Show that for each $\epsilon > 0$ the function $F(\xi) = \frac 1{(1+|\xi|^2)^\epsilon}$ is the Fourier transform of an $L^1$ function.
[Hint: With $K_\delta(x)=e^{-\frac{\pi|x|^2}\delta} \delta^{-\frac d2}$ consider $f(x)=\int_0^\infty K_\delta (x) e^{-\pi \delta} \delta^{\epsilon - 1} \, d\delta$. Use Fubini's theorem to prove $f \in L^1(\mathbb R^d)$, and $$\hat f(\xi)=\int_0^\infty e^{-\pi\delta |\xi|^2}e^{-\pi \delta} \delta^{\epsilon - 1} \, d\delta,$$ and evaluate the last integral as $\pi^{-\epsilon} \Gamma(\epsilon) \frac 1{(1+|\xi|^2)^\epsilon}$. Here $\Gamma(s)$ is the gamma function defined by $\Gamma(s)=\int_0^\infty e^{-t} t^{s-1} \, dt$.]

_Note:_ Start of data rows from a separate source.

section \<open>Norm-multiplicativity preservers\<close>

text \<open>Polarisation of the self-commutator \<open>W ** ctrans W - ctrans W ** W\<close>.\<close>

definition polar_commutator :: "'a^'n^'n \<Rightarrow> 'a^'n^'n \<Rightarrow> 'a^'n^'n" where
  "polar_commutator X Z = X ** ctrans Z + Z ** ctrans X - ctrans X ** Z - ctrans Z ** X"

lemma polar_commutator_eq_0_if_normal:
  assumes "normal_mat (X + Z)" "normal_mat (X - Z)"
  shows "polar_commutator X Z = 0"
proof -
  have "2 *\<^sub>R polar_commutator X Z =
      ((X + Z) ** ctrans (X + Z) - ctrans (X + Z) ** (X + Z))
      - ((X - Z) ** ctrans (X - Z) - ctrans (X - Z) ** (X - Z))"
    by (simp add: polar_commutator_def ctrans_add ctrans_diff matrix_add_ldistrib matrix_add_rdistrib
        matrix_diff_ldistrib matrix_diff_rdistrib scaleR_2 algebra_simps)
  also have "\<dots> = 0"
    using assms by (simp add: normal_mat_def)
  finally show ?thesis
    by simp
qed

lemma polar_commutator_add: "polar_commutator X (Z + W) = polar_commutator X Z + polar_commutator X W"
  by (simp add: polar_commutator_def ctrans_add matrix_add_ldistrib matrix_add_rdistrib algebra_simps)

lemma normal_scalar_add:
  assumes "ctrans A = A \<or> ctrans A = - A"
  shows "normal_mat (mat c + A)"
proof -
  obtain e where e: "ctrans A = e *\<^sub>R A"
    using assms by (metis scaleR_one scaleR_minus1_left)
  have "A ** ctrans A = ctrans A ** A"
    by (simp add: e matrix_scalar_ac scalar_matrix_assoc[symmetric])
  then show ?thesis
    unfolding normal_mat_def ctrans_add ctrans_mat mat_add_mult_mat_add by (simp add: mult.commute add_ac)
qed

lemma hermitian_skew_decomposition:
  obtains H S :: "'a^'n^'n" where "A = H + S" "ctrans H = H" "ctrans S = - S"
proof
  show "A = (1/2) *\<^sub>R (A + ctrans A) + (1/2) *\<^sub>R (A - ctrans A)"
    by (simp add: algebra_simps flip: scaleR_add_left)
  show "ctrans ((1/2) *\<^sub>R (A + ctrans A)) = (1/2) *\<^sub>R (A + ctrans A)"
    by (simp add: ctrans_scaleR ctrans_add add.commute)
  show "ctrans ((1/2) *\<^sub>R (A - ctrans A)) = - ((1/2) *\<^sub>R (A - ctrans A))"
    by (simp add: ctrans_scaleR ctrans_diff flip: scaleR_minus_right)
qed
definition A_gen :: "('p,'a) gcba" where
  "A_gen = \<lparr>states = (\<Union>j\<in>{1..m}. P j), init = p0,
     trans = {(p,a,p') | p a p'. \<exists>q q' j j'. (q,a,q') \<in> trans Amin \<and>
                j \<in> {1..m} \<and> j' \<in> {1..m} \<and> q \<in> QR j \<and> q' \<in> QR j' \<and>
                p \<in> P j \<and> p' \<in> P j'},
     colours = {1..k},
     col = (\<lambda>e. {i \<in> {1..k}. \<not> (\<exists>(q,a,q') \<in> comp_trans Amin (S i).
                                 (\<phi> i q, a, \<phi> i q') = e)})\<rparr>"

lemma init_A_gen [simp]: "init A_gen = p0"
  and colours_A_gen [simp]: "colours A_gen = {1..k}"
  by (simp_all add: A_gen_def)

lemma trans_A_gen:
  "(p, a, p') \<in> trans A_gen \<longleftrightarrow> (\<exists>q q' j j'. (q, a, q') \<in> trans Amin \<and>
     j \<in> {1..m} \<and> j' \<in> {1..m} \<and> q \<in> QR j \<and> q' \<in> QR j' \<and> p \<in> P j \<and> p' \<in> P j')"
  by (simp add: A_gen_def)

lemma col_A_gen:
  "i \<in> col A_gen e \<longleftrightarrow> i \<in> {1..k} \<and> e \<notin> map_trans (\<phi> i) ` comp_trans Amin (S i)"
  unfolding A_gen_def map_trans_def by (auto simp: image_iff split_beta)

lemma P_unique: "j \<in> {1..m} \<Longrightarrow> j' \<in> {1..m} \<Longrightarrow> p \<in> P j \<Longrightarrow> p \<in> P j' \<Longrightarrow> j = j'"
  using P_disjoint by blast

lemma trans_Amin_states: "(q, a, q') \<in> trans Amin \<Longrightarrow> q \<in> states Amin \<and> q' \<in> states Amin"
  using cobuchi by (auto simp: is_cobuchi_def wf_aut_def)

lemma init_in_QR1: "init Amin \<in> QR 1"
  using cobuchi R1 by (simp add: is_cobuchi_def wf_aut_def states_with_lang_def state_lang_def)

lemma one_in_indices: "1 \<in> {1..m}"
proof -
  have "lang Amin \<in> residuals (lang Amin)"
    unfolding residuals_def by (intro CollectI exI[of _ "[]"]) simp
  then obtain j where "j \<in> {1..m}"
    using R_residuals by (metis imageE)
  then show ?thesis by simp
qed

lemma states_in_QR:
  assumes "q \<in> states Amin"
  shows "\<exists>j\<in>{1..m}. q \<in> QR j"
proof -
  have "state_lang Amin q \<in> residuals (lang Amin)"
    using nice assms unfolding nice_def all_reachable_def
    by (blast intro: reachable_state_lang_in_residuals)
  then show ?thesis using assms R_residuals by (auto simp: states_with_lang_def)
qed

lemma S_safe_component: "i \<in> {1..k} \<Longrightarrow> S i \<in> safe_components Amin"
  using components by (auto simp: bij_betw_def)

lemma S_subset_states: "i \<in> {1..k} \<Longrightarrow> S i \<subseteq> states Amin"
  using S_safe_component safe_component_subset by blast

lemma S_cover:
  assumes "q \<in> states Amin"
  shows "\<exists>i\<in>{1..k}. q \<in> S i"
proof -
  obtain C where "C \<in> safe_components Amin" and "q \<in> C"
    using safe_components_cover[OF assms] by blast
  moreover have "safe_components Amin = S ` {1..k}"
    using components by (simp add: bij_betw_def)
  ultimately show ?thesis by auto
qed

Work attempted to prove $f \in L^1(\mathbb R^d)$:
First, notice that \begin{align*} \int_{\mathbb R^d} e^{-\frac{\pi|x|^2}{\delta}} \, dx &= \prod_{i=1}^d \int_{-\infty}^\infty e^{-\frac{\pi x_i^2}{\delta}} \, dx_i = \prod_{i=1}^d \sqrt{\frac{\delta}{\pi}} \sqrt{\pi} = \prod_{i=1}^d \sqrt{\delta} = d\sqrt{\delta} = d(\delta)^{\frac 12}. \end{align*} So we have \begin{align*} \|f(x)\|_{L^1(\mathbb R^d)} &= \int_{\mathbb R^d} |f(x)| \, dx \\ &\le \int_{\mathbb R^d} \int_0^\infty |e^{-\frac{\pi|x|^2}{\delta}} \delta^{-\frac d2}||\delta^{\epsilon - 1}| \, d\delta \, dx \\ &= \int_0^\infty \left(\int_{\mathbb R^d} e^{-\frac{\pi |x|^2}{\delta}} \, dx \right) \delta^{-\frac d2 + \epsilon - 1} \, d\delta \\ &= \int_0^\infty d(\delta)^{\frac 12} \delta^{-\frac d2+\epsilon - 1} \, d\delta \\ &= d \int_0^\infty \delta^{\frac{1-d}2+\epsilon - 1} \, d\delta \\ &= d \frac 1{\frac{1-d}2+\epsilon} \delta^{\frac{1-d}2+\epsilon} \vert_0^\infty \\ &= \end{align*}
...but how do I prove from here that $f \in L^1(\mathbb R^d)$?